The eThekwini Municipality (Durban) is reviewing rental tariffs for its hostels ahead of the 2026/27 financial year, with proposed increases set to take effect from 1 July 2026. This move stems from severe revenue collection failures despite heavy past investments in the facilities.
Key Facts from the Report
- 10 hostels in total.
- In the past financial year, the municipality billed R56.6 million in rentals across these hostels.
- Collection rate: Under 5% — meaning they recovered only a tiny fraction of the billed amount (roughly R2.8 million or less).
- Investment since 2005: Over R1 billion spent on upgrading existing hostels and constructing 4,878 new family units.
- Operating costs (previous year): R1.076 billion total for hostel property management, of which R860.9 million went to water and electricity alone.
Current monthly rental tariffs (before any increase) include:
- Sharing non-upgraded bed space: R88
- Single room non-upgraded: R143
- Sharing upgraded bed space: R197
- Single room upgraded: R311
- Two-bedroom units: R865
- Three-bedroom units: R1,162
- Four-bedroom units: R1,459
- KwaDabeka-specific rates are even lower (e.g., sharing bed space R76, two-bedroom R408).
The municipality argues that revenue from these low tariffs and poor collections no longer covers basic services, maintenance, repairs, or keeping facilities safe and functional. They propose tariff hikes to help cover rising operational costs (inflation, service delivery pressures) and sustain the hostels. The proposal will go through the standard public participation process before final approval.
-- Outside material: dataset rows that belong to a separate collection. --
lemma Rker_sectional:
  assumes "T v u = T u v"
  shows "Rker R T u v v u = R u v v u - T u u \<bullet> T v v + (norm (T u v))\<^sup>2"
  using assms by (simp add: Rker_def power2_norm_eq_inner)

lemma tau_V_Rker:
  assumes sym: "\<And>i j. i < r \<Longrightarrow> j < r \<Longrightarrow> T (e j) (e i) = T (e i) (e j)"
  shows "tau_V (Rker R T) r e = tau_V R r e - (norm (\<Sum>i<r. T (e i) (e i)))\<^sup>2 / 2
    + (\<Sum>i<r. \<Sum>j<r. (norm (T (e i) (e j)))\<^sup>2) / 2"
proof -
  have "(norm (\<Sum>i<r. T (e i) (e i)))\<^sup>2 = (\<Sum>i<r. \<Sum>j<r. T (e i) (e i) \<bullet> T (e j) (e j))"
    by (simp add: power2_norm_eq_inner inner_sum_left inner_sum_right) (rule sum.swap)
  then show ?thesis
    using sym by (simp add: tau_V_def Rker_sectional sum_subtractf sum.distrib field_simps)
qed
lemma finite_unbarred_values [simp]: "finite (unbarred_values C)"
  using finite_vimageI[of "set C" Unb] by (simp add: unbarred_values_def vimage_def inj_def)

lemma finite_barred_values [simp]: "finite (barred_values C)"
  using finite_vimageI[of "set C" Bar] by (simp add: barred_values_def vimage_def inj_def)

lemma finite_paired_values [simp]: "finite (paired_values C)"
  by (simp add: paired_values_eq)

lemma free_values_subset: "free_values n C \<subseteq> {1..n}"
  and free_values_disjoint: "free_values n C \<inter> (unbarred_values C \<union> barred_values C) = {}"
  by (auto simp: free_values_def unbarred_values_def barred_values_def)

lemma finite_free_values [simp]: "finite (free_values n C)"
  using free_values_subset finite_subset by blast

lemma column_B_values_subset:
  assumes "column_B n C"
  shows "unbarred_values C \<subseteq> {1..n}" "barred_values C \<subseteq> {1..n}"
  using assms by (fastforce simp: column_B_def unbarred_values_def barred_values_def)+

lemma length_I_C: "length (I_C C) = count_list C Zero + card (paired_values C)"
  by (simp add: I_C_def paired_values_def)

definition precB_or_zeros :: "nat \<Rightarrow> letter \<Rightarrow> letter \<Rightarrow> bool" where
  "precB_or_zeros n x y \<longleftrightarrow> precB n x y \<or> x = Zero \<and> y = Zero"

lemma column_B_sorted_wrt:
  assumes "column_B n C"
  shows "sorted_wrt (precB_or_zeros n) C"
proof -
  have "transp (precB_or_zeros n)"
    by (auto simp: transp_def precB_or_zeros_def precB_def)
  then show ?thesis
    using assms by (simp add: sorted_wrt_iff_nth_Suc_transp column_B_def precB_or_zeros_def)
qed

lemma distinct_if_sorted_wrt_precB_or_zeros:
  "sorted_wrt (precB_or_zeros n) xs \<Longrightarrow> Zero \<notin> set xs \<Longrightarrow> distinct xs"
  by (erule distinct_if_sorted_wrt_irrefl) (auto simp: precB_or_zeros_def precB_def)

lemma column_B_length:
  assumes "column_B n C"
  shows "length C = count_list C Zero + card (unbarred_values C) + card (barred_values C)"
proof -
  let ?nonzero = "filter (\<lambda>x. x \<noteq> Zero) C"
  have "distinct ?nonzero"
    using column_B_sorted_wrt[OF assms]
    by (intro distinct_if_sorted_wrt_precB_or_zeros sorted_wrt_filter) auto
  moreover have "set ?nonzero = Unb ` unbarred_values C \<union> Bar ` barred_values C"
  proof -
    have nonzero_entry: "x \<in> Unb ` unbarred_values C \<union> Bar ` barred_values C"
      if "x \<in> set C" "x \<noteq> Zero" for x
      by (cases x) (use that in \<open>auto simp: unbarred_values_def barred_values_def\<close>)
    have "Unb ` unbarred_values C \<union> Bar ` barred_values C \<subseteq> set ?nonzero"
      by (auto simp: unbarred_values_def barred_values_def)
    then show ?thesis
      using nonzero_entry by auto
  qed
  ultimately have "length ?nonzero = card (Unb ` unbarred_values C \<union> Bar ` barred_values C)"
    by (metis distinct_card)
  also have "\<dots> = card (unbarred_values C) + card (barred_values C)"
    by (subst card_Un_disjoint) (auto simp: card_image inj_on_def)
  finally show ?thesis
    using sum_length_filter_compl[of "(=) Zero" C]
    by (simp add: count_list_eq_length_filter eq_commute[of Zero])
qed
lemma omega_reeb_level: "q \<in> level \<Longrightarrow> omega (reeb level q) p = - Df q p"
  using level_nonzero[of q] by (simp add: reeb_level omega_def cJ_cJ inner_grad inner_commute[of _ p])

lemma omega_reeb_level_min:
  assumes p: "p \<in> level" and q: "q \<in> level"
  shows "omega (reeb level p) p \<le> omega (reeb level q) p"
proof -
  have "omega (reeb level p) p = - f p"
    using omega_reeb_level[OF p] Df_self[OF level_nonzero[OF p]] by simp
  also have "\<dots> \<le> - Df q p" using Df_le[OF level_nonzero[OF q]] by simp
  also have "\<dots> = omega (reeb level q) p" using omega_reeb_level[OF q] by simp
  finally show ?thesis .
qed

lemma omega_tangent_space_polar:
  assumes p: "p \<in> level" and v: "v \<in> tangent_space polar (reeb level p)"
  shows "omega v p = 0"
proof (rule min_linear_vanishes_on_tangent_space[OF _ v])
  show "bounded_linear (\<lambda>y. omega y p)"
    unfolding omega_def by (rule bounded_linear_compose[OF bounded_linear_inner_left bounded_linear_cJ])
  show "omega (reeb level p) p \<le> omega y p" if "y \<in> polar" for y
    using that omega_reeb_level_min[OF p] by (auto simp: polar_def)
qed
Similar rental reviews are happening for around 4,575 other municipal rental housing units (with current rents ranging from R50 to R2,500 per month).
Broader Context
eThekwini faces a massive housing backlog of about 503,000 households, worsened by rural-urban migration. The Human Settlements Unit manages both hostels and rental stock, and the city continues to allocate capital for new low-cost housing. However, shortfalls in hostel and informal settlement services often end up subsidised by the broader ratepayer base.
This issue fits into wider concerns about the municipality’s 2026/27 draft budget and proposed tariff increases across services (e.g., electricity around 10.5%). Ratepayer groups have pushed back against hikes amid service delivery challenges.
Political Reaction
The Inkatha Freedom Party (IFP) has opposed the review, arguing it is unrealistic because many hostel residents are unemployed or pensioners and cannot afford higher rents.
This situation highlights a classic municipal dilemma: significant capital investment in infrastructure versus chronic non-payment, leading to proposals that shift more burden onto paying (or future) tenants while broader collection and enforcement problems persist. Public consultations will likely be heated, especially given Durban’s economic pressures and existing frustrations with municipal tariffs and services.